Читать книгу Хмель свободы - Виктор Васильевич Смирнов, Игорь Болгарин - Страница 6

Часть первая
Глава пятая

Оглавление

Через две ступеньки Нестор взлетел на второй этаж коммуны «Счастье трудящихся». Торопливо прошел через зал. Суровые бородачи-анархисты, отказавшиеся от всего личного во имя революции, со стен провожали его строгими взглядами. Поблескивали их глаза, тщательно нарисованные дедом Будченко.

Коммунар Кондрат Полищук и еще какая-то бабка с охапкой глаженого белья повстречались на его пути. Махно улыбнулся им:

– Драствуйте!

– Доброго здоровьячка, Нестор Ивановыч!

– Ну, як тут у нас?

– Жывем – не тужым, – беспечно ответил Кондрат. – От тилькы панська печка дымыть, зараза! Прийдеться перекладать.

– Ну-ну, хозяйнуйте!

Нестор резко распахнул дверь в свою спальню. Радостный и веселый встал на пороге.

– Настена!.. Настя!.. – окликнул он. Ответом была тишина. – Ты шо, не слышишь, Настя?..

Только сейчас Нестор заметил следы поспешных сборов. На полу валялись впопыхах брошенные чепчики и рубашечки Вадима. Пустая колыбелька висела как-то боком, выбросив, словно перо из потрепанного гусиного крыла, кусок пеленки. И кровать, обычно застланная Настей с крестьянским усердием, сейчас была словно выпотрошена. Вышитые подушки куда-то исчезли, осталась одна, простая….

Нестор вышел из спальни, растерянно побрел по коридору. Наткнулся на своего ездового:

– Степан, не знаешь, где Настя?

Конюх пожал плечами:

– Я ж з вамы був, Нестор Ивановыч.

Нестор уже не слышал его ответа. Спустился по лестнице вниз.

– Лашкевич! Ты не слыхал, куда Настя с дитем подевалась?

– Я только вернувся. Патроны на нашому склади розгружав.

Нестор махнул рукой: мол, помню.

– Щусь. Где Щусь?

Из-за спины Лашкевича возник молоденький коммунар из новых черногвардейцев – Юрка Черниговский. Он смотрел на Махно, как новобранец на фельдмаршала.

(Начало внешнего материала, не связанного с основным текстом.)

lemma arc_excess_mean_value:
  assumes "-1 \<le> u" "u < v" "v \<le> 1"
  obtains z where "u < z" "z < v" "arc_excess u - arc_excess v = (v - u) * arccos z"
proof -
  have "continuous_on {u..v} arc_excess"
    using continuous_on_arc_excess by (rule continuous_on_subset) (use assms in auto)
  moreover have "(arc_excess has_derivative (*) (- arccos z)) (at z)" if "u < z" "z < v" for z
    using has_real_derivative_arc_excess[THEN has_field_derivative_imp_has_derivative] that assms
    by simp
  ultimately obtain z where z: "u < z" "z < v" "arc_excess v - arc_excess u = - arccos z * (v - u)"
    using mvt[OF assms(2), of arc_excess "\<lambda>z. (*) (- arccos z)"] by blast
  then have "arc_excess u - arc_excess v = (v - u) * arccos z"
    by (simp add: algebra_simps)
  with z(1,2) show thesis
    by (rule that)
qed

lemma arc_excess_one: "arc_excess 1 = 0"
  by (simp add: arc_excess_def)

lemma arc_excess_bounds:
  assumes "-1 \<le> u" "u < 1"
  shows "0 < arc_excess u" "arc_excess u < pi * (1 - u)"
proof -
  obtain z where z: "u < z" "z < 1" "arc_excess u = (1 - u) * arccos z"
    using arc_excess_mean_value[OF assms order_refl] by (auto simp: arc_excess_one)
  have "0 < arccos z" "arccos z < pi"
    using arccos_less_arccos[of z 1] arccos_less_arccos[of "-1" z] z assms by auto
  then show "0 < arc_excess u" "arc_excess u < pi * (1 - u)"
    using z(3) assms by simp_all
qed

lemma arc_excess_le_sqrt:
  assumes "0 \<le> u" "u \<le> 1"
  shows "arc_excess u \<le> sqrt (1 - u^2) * (1 - u)"
proof -
  have "sqrt (1 - u^2) = sin (arccos u)"
    using assms by (simp add: sin_arccos)
  also have "\<dots> \<le> arccos u"
    using assms arccos_lbound by (intro sin_x_le_x) auto
  finally have "u * sqrt (1 - u^2) \<le> u * arccos u"
    using assms by (simp add: mult_left_mono)
  then show ?thesis
    unfolding arc_excess_def by (simp add: algebra_simps)
qed

definition arc_map :: "real \<Rightarrow> real \<Rightarrow> real" where
  "arc_map g u = u + g * arc_excess u"

definition arc_gain :: "real \<Rightarrow> real" where
  "arc_gain A = (1 - A)^2 / (pi * (1 + A^2))"

lemma karc_eq_arc_map: "karc A u = (1 + A^2) / 2 * arc_map (arc_gain A) u"
proof -
  define P where "P = 1 + A^2"
  have "0 < P"
    unfolding P_def by (intro add_pos_nonneg) auto
  have "karc A u = (1 - A)^2 / (2 * pi) * arc_excess u + P / 2 * u"
    unfolding karc_def arc_excess_def P_def by (simp add: field_simps power2_eq_square)
  also have "(1 - A)^2 / (2 * pi) = P / 2 * ((1 - A)^2 / (pi * P))"
    using \<open>0 < P\<close> by simp
  finally show ?thesis
    unfolding arc_map_def arc_gain_def P_def by (simp only: distrib_left mult.assoc add.commute)
qed

lemma arc_gain_bounds:
  assumes "0 \<le> A" "A < 1"
  shows "0 < arc_gain A" "arc_gain A \<le> 1 / pi"
proof -
  have "0 < 1 + A^2" "(1 - A)^2 \<le> 1 + A^2"
    using assms by (auto intro: add_pos_nonneg simp: power2_eq_square algebra_simps)
  then have pos: "0 < (1 - A)^2 / (1 + A^2)" and le: "(1 - A)^2 / (1 + A^2) \<le> 1"
    using assms by auto
  have gain: "arc_gain A = (1 - A)^2 / (1 + A^2) / pi"
    unfolding arc_gain_def by (simp add: mult.commute)
  show "0 < arc_gain A"
    unfolding gain by (rule divide_pos_pos[OF pos pi_gt_zero])
  show "arc_gain A \<le> 1 / pi"
    unfolding gain by (rule divide_right_mono[OF le]) simp
qed

lemma funpow_arc_map_one: "(arc_map g ^^ n) 1 = 1"
  by (induction n) (simp_all add: arc_map_def arc_excess_one)

locale tangent_attractor =
  fixes f :: "real \<Rightarrow> real"
  assumes mono_on: "-1 \<le> u \<Longrightarrow> u \<le> v \<Longrightarrow> v \<le> 1 \<Longrightarrow> f u \<le> f v"
    and gt_self: "-1 \<le> u \<Longrightarrow> u < 1 \<Longrightarrow> u < f u"
    and less_one: "-1 \<le> u \<Longrightarrow> u < 1 \<Longrightarrow> f u < 1"
    and continuous: "continuous_on {-1..1} f"
    and tangent_at_one: "((\<lambda>x. (1 - f x) / (1 - x)) \<longlongrightarrow> 1) (at_left 1)"

context tangent_attractor
begin

lemma iterate_bounds:
  assumes "-1 \<le> u" "u < 1"
  shows "-1 \<le> (f ^^ n) u \<and> (f ^^ n) u < 1"
proof (induction n)
  case (Suc n)
  then show ?case
    using gt_self[of "(f ^^ n) u"] less_one[of "(f ^^ n) u"] by simp
qed (use assms in simp)

lemma iterate_mono:
  assumes "-1 \<le> u" "u \<le> v" "v < 1"
  shows "(f ^^ n) u \<le> (f ^^ n) v"
proof (induction n)
  case (Suc n)
  then show ?case
    using mono_on iterate_bounds[of u n] iterate_bounds[of v n] assms by simp
qed (use assms in simp)

lemma incseq_iterate:
  assumes "-1 \<le> u" "u < 1"
  shows "incseq (\<lambda>n. (f ^^ n) u)"
  using gt_self iterate_bounds[OF assms] by (intro incseq_SucI) (simp add: less_imp_le)

lemma iterate_tendsto_one:
  assumes "-1 \<le> u" "u < 1"
  shows "(\<lambda>n. (f ^^ n) u) \<longlonglongrightarrow> 1"
proof -
  let ?x = "\<lambda>n. (f ^^ n) u"
  obtain l where l: "?x \<longlonglongrightarrow> l"
    using incseq_convergent[OF incseq_iterate[OF assms], of 1] iterate_bounds[OF assms]
    by (meson less_imp_le)
  have "-1 \<le> l" "l \<le> 1"
    using iterate_bounds[OF assms] by (auto intro: LIMSEQ_le_const[OF l] LIMSEQ_le_const2[OF l] less_imp_le)
  have "(\<lambda>n. f (?x n)) \<longlonglongrightarrow> f l"
    using \<open>-1 \<le> l\<close> \<open>l \<le> 1\<close> iterate_bounds[OF assms]
    by (intro continuous_on_tendsto_compose[OF continuous l]) (auto simp: less_imp_le)
  then have "(\<lambda>n. ?x (Suc n)) \<longlonglongrightarrow> f l"
    by simp
  then have "f l = l"
    using LIMSEQ_unique LIMSEQ_Suc[OF l] by blast
  then show ?thesis
    using l gt_self[OF \<open>-1 \<le> l\<close>] \<open>l \<le> 1\<close> by (cases "l < 1") auto
qed

lemma iterate_gap_ratio_Suc:
  assumes "-1 \<le> u" "u < 1"
  shows "(\<lambda>n. (1 - (f ^^ Suc n) u) / (1 - (f ^^ n) u)) \<longlonglongrightarrow> 1"
proof -
  have "filterlim (\<lambda>n. (f ^^ n) u) (at_left 1) sequentially"
    using iterate_bounds[OF assms] iterate_tendsto_one[OF assms]
    by (intro tendsto_imp_filterlim_at_left) auto
  then show ?thesis
    using filterlim_compose[OF tangent_at_one] by simp
qed

lemma iterate_gap_ratio_shift:
  assumes "-1 \<le> u" "u < 1"
  shows "(\<lambda>n. (1 - (f ^^ (n + m)) u) / (1 - (f ^^ n) u)) \<longlonglongrightarrow> 1"
proof -
  let ?gap = "\<lambda>n. 1 - (f ^^ n) u"
  have "(\<lambda>n. \<Prod>i<m. ?gap (Suc (n + i)) / ?gap (n + i)) \<longlonglongrightarrow> (\<Prod>i<m. 1)"
    using LIMSEQ_ignore_initial_segment[OF iterate_gap_ratio_Suc[OF assms]]
    by (intro tendsto_prod) (simp add: add.commute)
  moreover have "(\<Prod>i<m. ?gap (Suc (n + i)) / ?gap (n + i)) = ?gap (n + m) / ?gap n" for n
    using prod_lessThan_telescope[of m "\<lambda>i. ?gap (n + i)"] iterate_bounds[OF assms]
    by (simp add: less_imp_neq)
  ultimately show ?thesis
    by simp
qed

lemma iterate_gap_ratio:
  assumes "-1 \<le> u" "u \<le> v" "v < 1"
  shows "(\<lambda>n. (1 - (f ^^ n) v) / (1 - (f ^^ n) u)) \<longlonglongrightarrow> 1"
proof -
  have u: "-1 \<le> u" "u < 1"
    using assms by simp_all
  \<comment> \<open>Some iterate of u overtakes v, so the gap at v is squeezed between the gaps of u
    at times n + m and n.\<close>
  have "\<forall>\<^sub>F n in sequentially. v < (f ^^ n) u"
    using order_tendstoD(1)[OF iterate_tendsto_one[OF u] assms(3)] .
  then obtain m where "v < (f ^^ m) u"
    unfolding eventually_sequentially by blast
  then have "(f ^^ n) v \<le> (f ^^ (n + m)) u" for n
    using iterate_mono[of v "(f ^^ m) u" n] iterate_bounds[OF u, of m] assms
    by (simp add: funpow_add)
  moreover have gap_pos: "0 < 1 - (f ^^ n) u" for n
    using iterate_bounds[OF u] by simp
  ultimately have lower:
      "(1 - (f ^^ (n + m)) u) / (1 - (f ^^ n) u) \<le> (1 - (f ^^ n) v) / (1 - (f ^^ n) u)" for n
    by (intro divide_right_mono) (auto simp: less_imp_le)
  have upper: "(1 - (f ^^ n) v) / (1 - (f ^^ n) u) \<le> 1" for n
    using iterate_mono[OF assms] gap_pos by (simp add: pos_divide_le_eq)
  show ?thesis
    using lower upper
    by (intro tendsto_sandwich[OF _ _ iterate_gap_ratio_shift[OF u, of m] tendsto_const]
        always_eventually allI)
qed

– Товарыш Щусь подалысь з хлопцямы десь трошкы пошуровать…

– Делом бы занимались! А то наладились грабить…

– Так багатеев же, Нестор, буржуев. Контрибуция, верный доход, – бросил в оправдание друзей Тимош.

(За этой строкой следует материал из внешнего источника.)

(* Let $\mathfrak A:\mathbb{R}^n\to\mathbb{R}^n$, $\mathfrak B:(\mathbb{R}^n)^*\to\mathbb{R}^n$, $\mathfrak C:\mathbb{R}^n\to(\mathbb{R}^n)^*$ be linear maps with $\mathfrak B,\mathfrak C$ symmetric, such that $\mathfrak B$ is nonsingular and $\mathfrak B^{-1}\mathfrak A:\mathbb{R}^n\to(\mathbb{R}^n)^*$ is symmetric (i.e. $\mathfrak B^{-1}\mathfrak A=\mathfrak A^*\mathfrak B^{-1}$). Let $A=\mathfrak B\big(\mathfrak A^*\mathfrak B^{-1}\mathfrak A+\mathfrak C\big)$, an endomorphism of $\mathbb{R}^n$, and let $g=\mathfrak B^{-1}$, a nondegenerate symmetric bilinear form on $\mathbb{R}^n$. Then, for every $T>0$, the conjugate instants in $\left]0,T\right]$ and the Maslov index of the constant symplectic system \[\begin{pmatrix}v\\ \alpha\end{pmatrix}'=\begin{pmatrix}\mathfrak A&\mathfrak B\\ \mathfrak C&-\mathfrak A^*\end{pmatrix}\begin{pmatrix}v\\ \alpha\end{pmatrix}\] on $[0,T]$ coincide respectively with the conjugate instants in $\left]0,T\right]$ and the Maslov index $\mu(g,A,T)$ of the second-order system $v''=Av$ on $[0,T]$.
   Context: $\mathfrak B$ symmetric means $\mathfrak B^*=\mathfrak B$ with $(\mathbb{R}^n)^{**}=\mathbb{R}^n$. On $\mathbb{R}^n\oplus(\mathbb{R}^n)^*$ use $\omega((v,\alpha),(w,\beta))=\beta(v)-\alpha(w)$ and $L_0=\{0\}\oplus(\mathbb{R}^n)^*$. For a constant symplectic system with coefficient matrix $Y$ and fundamental solution $\Phi(t)=\exp(tY)$, an instant $t_0\in\left]0,T\right]$ is conjugate if there is a nontrivial solution $(v,\alpha)$ with $v(0)=v(t_0)=0$, and its Maslov index on $[0,T]$ is $\mu_{L_0}(t\mapsto\Phi(t)(L_0))$. Here, for a continuous Lagrangian curve $\ell:[a,b]\to\Lambda$ admitting a Lagrangian $L_1$ transversal to $L_0$ and to all $\ell(t)$, $\mu_{L_0}(\ell)=\mathrm n_+(\varphi(\ell(b)))+\dim(\ell(b)\cap L_0)-\mathrm n_+(\varphi(\ell(a)))-\dim(\ell(a)\cap L_0)$ with $\varphi(L)=\omega(T\cdot,\cdot)$ on $L_0$ and $T:L_0\to L_1$ the map whose graph is $L$, extended to all continuous curves by fixed-endpoint homotopy invariance and additivity under concatenation. For $v''=Av$, conjugate instants $t_1$ are those with a nonzero solution satisfying $v(0)=v(t_1)=0$, and $\mu(g,A,T)$ is the Maslov index of the symplectic system with coefficient matrix $\begin{pmatrix}0&g^{-1}\\ gA&0\end{pmatrix}$ (with $g$ viewed as $v\mapsto g(\cdot,v)$). *)

theory Defs
  imports "HOL-Analysis.Analysis"
begin

text \<open>Model: \<real>^n is real^'n, its dual (\<real>^n)* is also real^'n with pairing
  alpha(v) = alpha \<bullet> v. Linear maps are matrices; the adjoint of a map is its transpose.\<close>

type_synonym 'n sympl = "(real^'n) \<times> (real^'n)"

definition omega :: "'n::finite sympl \<Rightarrow> 'n sympl \<Rightarrow> real" where
  "omega X Y = snd Y \<bullet> fst X - snd X \<bullet> fst Y"

definition lagrangian :: "'n::finite sympl set \<Rightarrow> bool" where
  "lagrangian L \<longleftrightarrow> subspace L \<and> dim L = CARD('n) \<and> (\<forall>x\<in>L. \<forall>y\<in>L. omega x y = 0)"

definition Lzero :: "'n::finite sympl set" where
  "Lzero = {(0, a) | a. True}"

definition transversal :: "'n::finite sympl set \<Rightarrow> 'n sympl set \<Rightarrow> bool" where
  "transversal L M \<longleftrightarrow> {x + y | x y. x \<in> L \<and> y \<in> M} = UNIV"

text \<open>T : L0 \<rightarrow> L1 whose graph is L, and the form phi(L) = omega(T \<cdot>, \<cdot>) on L0.\<close>
definition graph_map :: "'n::finite sympl set \<Rightarrow> 'n sympl set \<Rightarrow> 'n sympl \<Rightarrow> 'n sympl" where
  "graph_map L1 L x = (THE z. z \<in> L1 \<and> x + z \<in> L)"

definition phi_form :: "'n::finite sympl set \<Rightarrow> 'n sympl set \<Rightarrow> 'n sympl \<Rightarrow> 'n sympl \<Rightarrow> real" where
  "phi_form L1 L x y = omega (graph_map L1 L x) y"

definition n_plus :: "'a::euclidean_space set \<Rightarrow> ('a \<Rightarrow> 'a \<Rightarrow> real) \<Rightarrow> nat" where
  "n_plus S B = Max {dim W | W. subspace W \<and> W \<subseteq> S \<and> (\<forall>w\<in>W. w \<noteq> 0 \<longrightarrow> B w w > 0)}"

definition chart_index ::
  "'n::finite sympl set \<Rightarrow> 'n sympl set \<Rightarrow> (real \<Rightarrow> 'n sympl set) \<Rightarrow> real \<Rightarrow> real \<Rightarrow> int" where
  "chart_index L0 L1 l a b =
     int (n_plus L0 (phi_form L1 (l b))) + int (dim (l b \<inter> L0))
     - int (n_plus L0 (phi_form L1 (l a))) - int (dim (l a \<inter> L0))"

definition admissible_partition ::
  "'n::finite sympl set \<Rightarrow> (real \<Rightarrow> 'n sympl set) \<Rightarrow> real \<Rightarrow> real
    \<Rightarrow> nat \<Rightarrow> (nat \<Rightarrow> real) \<Rightarrow> (nat \<Rightarrow> 'n sympl set) \<Rightarrow> bool" where
  "admissible_partition L0 l a b k t L1 \<longleftrightarrow>
     k \<ge> 1 \<and> t 0 = a \<and> t k = b \<and> (\<forall>i<k. t i < t (Suc i)) \<and>
     (\<forall>i<k. lagrangian (L1 i) \<and> transversal L0 (L1 i) \<and>
        (\<forall>s\<in>{t i..t (Suc i)}. transversal (l s) (L1 i)))"

text \<open>Maslov index mu_{L0} of a continuous Lagrangian curve on [a,b]: the common value
  of the chart sums over admissible partitions (the extension by additivity under
  concatenation / fixed-endpoint homotopy invariance).\<close>
definition maslov_index :: "'n::finite sympl set \<Rightarrow> (real \<Rightarrow> 'n sympl set) \<Rightarrow> real \<Rightarrow> real \<Rightarrow> int" where
  "maslov_index L0 l a b = (THE m. \<forall>k t L1. admissible_partition L0 l a b k t L1 \<longrightarrow>
       m = (\<Sum>i<k. chart_index L0 (L1 i) l (t i) (t (Suc i))))"

definition sysmat :: "real^'n^'n \<Rightarrow> real^'n^'n \<Rightarrow> real^'n^'n \<Rightarrow> real^'n^'n \<Rightarrow> 'n::finite sympl \<Rightarrow> 'n sympl" where
  "sysmat A B C D X = (A *v fst X + B *v snd X, C *v fst X + D *v snd X)"

definition sys_solution :: "('n::finite sympl \<Rightarrow> 'n sympl) \<Rightarrow> (real \<Rightarrow> 'n sympl) \<Rightarrow> bool" where
  "sys_solution Y X \<longleftrightarrow> (\<forall>t. (X has_vector_derivative Y (X t)) (at t))"

definition sys_conjugate_instants :: "('n::finite sympl \<Rightarrow> 'n sympl) \<Rightarrow> real \<Rightarrow> real set" where
  "sys_conjugate_instants Y T = {t0 \<in> {0<..T}. \<exists>X. sys_solution Y X \<and> (\<exists>t. X t \<noteq> 0) \<and>
      fst (X 0) = 0 \<and> fst (X t0) = 0}"

definition flow_image :: "('n::finite sympl \<Rightarrow> 'n sympl) \<Rightarrow> 'n sympl set \<Rightarrow> real \<Rightarrow> 'n sympl set" where
  "flow_image Y L t = {X t | X. sys_solution Y X \<and> X 0 \<in> L}"

definition sys_maslov :: "('n::finite sympl \<Rightarrow> 'n sympl) \<Rightarrow> real \<Rightarrow> int" where
  "sys_maslov Y T = maslov_index Lzero (flow_image Y Lzero) 0 T"

definition second_order_solution :: "real^'n^'n \<Rightarrow> (real \<Rightarrow> real^'n::finite) \<Rightarrow> bool" where
  "second_order_solution A v \<longleftrightarrow> (\<exists>v'. \<forall>t. (v has_vector_derivative v' t) (at t) \<and>
      (v' has_vector_derivative (A *v v t)) (at t))"

definition second_order_conjugate_instants :: "real^'n^'n \<Rightarrow> real \<Rightarrow> real set" where
  "second_order_conjugate_instants A T = {t1 \<in> {0<..T}. \<exists>v::real \<Rightarrow> real^'n::finite.
      second_order_solution A v \<and> (\<exists>t. v t \<noteq> 0) \<and> v 0 = 0 \<and> v t1 = 0}"

text \<open>mu(g, A, T): g given by its matrix G (g(u,w) = u \<bullet> G w, and g viewed as
  v \<mapsto> g(\<cdot>, v) is the matrix G); coefficient matrix [[0, g^{-1}], [g A, 0]].\<close>
definition mu_second_order :: "real^'n^'n \<Rightarrow> real^'n^'n \<Rightarrow> real \<Rightarrow> int" where
  "mu_second_order G A T = sys_maslov (sysmat (0::real^'n::finite^'n) (matrix_inv G) (G ** A) 0) T"

end

(*
  Let M = BB^-1 AA, which is symmetric by the hypotheses. The shear (v, a) |-> (v, a + M v) is a
  linear symplectic isomorphism that fixes L0 pointwise and does not change the v-component.
  Because BB M = AA and M BB = AA^T, it conjugates the given system to the one with coefficient
  matrix [[0, BB], [AA^T BB^-1 AA + CC, 0]] = [[0, g^-1], [g A, 0]], which is the first-order form
  of v'' = A v. Conjugate instants only involve v-components, so they agree. The Maslov index is
  invariant under a symplectic isomorphism fixing L0: it maps admissible partitions to admissible
  partitions and preserves every chart term, i.e. the form phi and dim (l(t) \<inter> L0). The only
  analytic input is uniqueness for linear ODEs. It bounds dim (Phi(t) L0) by n, which is what
  makes graphs over a transversal Lagrangian L1 unique.
*)
theory Submission
  imports Defs
begin

lemma matrix_inv_right:
  fixes A :: "'a::semiring_1^'n^'m"
  assumes "invertible A"
  shows "A ** matrix_inv A = mat 1"
  using someI_ex[OF assms[unfolded invertible_def]] unfolding matrix_inv_def by blast

lemma matrix_inv_left:
  fixes A :: "'a::semiring_1^'n^'m"
  assumes "invertible A"
  shows "matrix_inv A ** A = mat 1"
  using someI_ex[OF assms[unfolded invertible_def]] unfolding matrix_inv_def by blast

lemma left_inverse_eq_right_inverse:
  fixes A :: "'a::semiring_1^'n^'m"
  assumes "A ** B = mat 1" "C ** A = mat 1"
  shows "C = B"
  by (metis assms matrix_mul_assoc matrix_mul_lid matrix_mul_rid)

lemma matrix_inv_matrix_inv:
  fixes A :: "'a::semiring_1^'n^'m"
  assumes "invertible A"
  shows "matrix_inv (matrix_inv A) = A"
proof -
  have "invertible (matrix_inv A)"
    using matrix_inv_left[OF assms] matrix_inv_right[OF assms] unfolding invertible_def by blast
  then show ?thesis
    using left_inverse_eq_right_inverse matrix_inv_right assms by metis
qed

lemma symmetric_matrix_inv:
  fixes A :: "'a::comm_semiring_1^'n^'n"
  assumes "invertible A" "transpose A = A"
  shows "transpose (matrix_inv A) = matrix_inv A"
proof -
  have "transpose (matrix_inv A) ** A = mat 1"
    by (metis assms(2) matrix_inv_right[OF assms(1)] matrix_transpose_mul transpose_mat)
  then show ?thesis
    using left_inverse_eq_right_inverse matrix_inv_right[OF assms(1)] by metis
qed

lemma matrix_vector_mult_uminus: "(- A) *v x = - (A *v (x::'a::ring_1^'n))"
  by (simp add: matrix_vector_mult_def vec_eq_iff sum_negf)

– А ты, Юрко, – обратился Нестор к молоденькому черногвардейцу, – не знаешь, куда моя жинка подалась?

– Так кажуть, поихала кудысь. До родычив, чи шо! Може, в гости?

– Какие гости?! Какие еще гости?! – выходя из себя, сорвался на крик Махно. И позвал ездового: – Степан!

Конюх мгновенно возник перед ним.

– Запрягай!

– Так тилькы ж роспряг! Кони ще в мыли…

– Шоб вас черти взяли…

Нестор сам вывел из конюшни первую попавшуюся лошадь.

– Пидождить, хоть засидлаю, Нестор Ивановыч! – забеспокоился Степан.

Но Махно одним махом забросил легкое, маленькое и ловкое тело на спину лошади, и, лупанув сапогами коня под бока, исчез со двора, растаял во тьме.

– Скаженный, без седла! – пробормотал вслед Степан. – Ну, нема бабы, так шо?.. Объявыться! Он моя: то туды девалась, то сюды. И шо? И никуды не делась!

Лашкевич нахмурился и покачал головой. Он-то все знал…

…А Нестор мчался по степной дороге. Маузер в деревянной кобуре бил его по бедру, шапку он потерял, но даже не заметил. Тело враз заболело: отвык скакать без седла, как бывало в детстве.

В селе Федоровка, где Настя крестила Вадима, он придержал коня у приземистой хатки, скрытой за тыном и садочком. Спрыгнул. Рванул дверь так, что заколыхался и едва не погас огонек керосиновой лампы.

Его встретили крестные Вадима, что принимали младенца после купели. Они встревоженно глядели на хмурого Махно, на его маузер, словно и в самом деле были в чем-то виноваты.

– Здорово, кумы! – бросил Нестор. – И не думайте, шо я не знаю, как вы Вадима хрестылы… Моя Настя, случаем, не у вас?

– Ни, – замотали головами селяне. – Нема!

– Не брешете?

– Та хай Господь нас покарае, – разом перекрестились они.

Убедившись, что ему не врут, Махно снова вскочил на лошадь, по бокам которой стекала пена.

Селяне смотрели ему вслед. Прислушивались к торопливо удаляющемуся конскому топоту.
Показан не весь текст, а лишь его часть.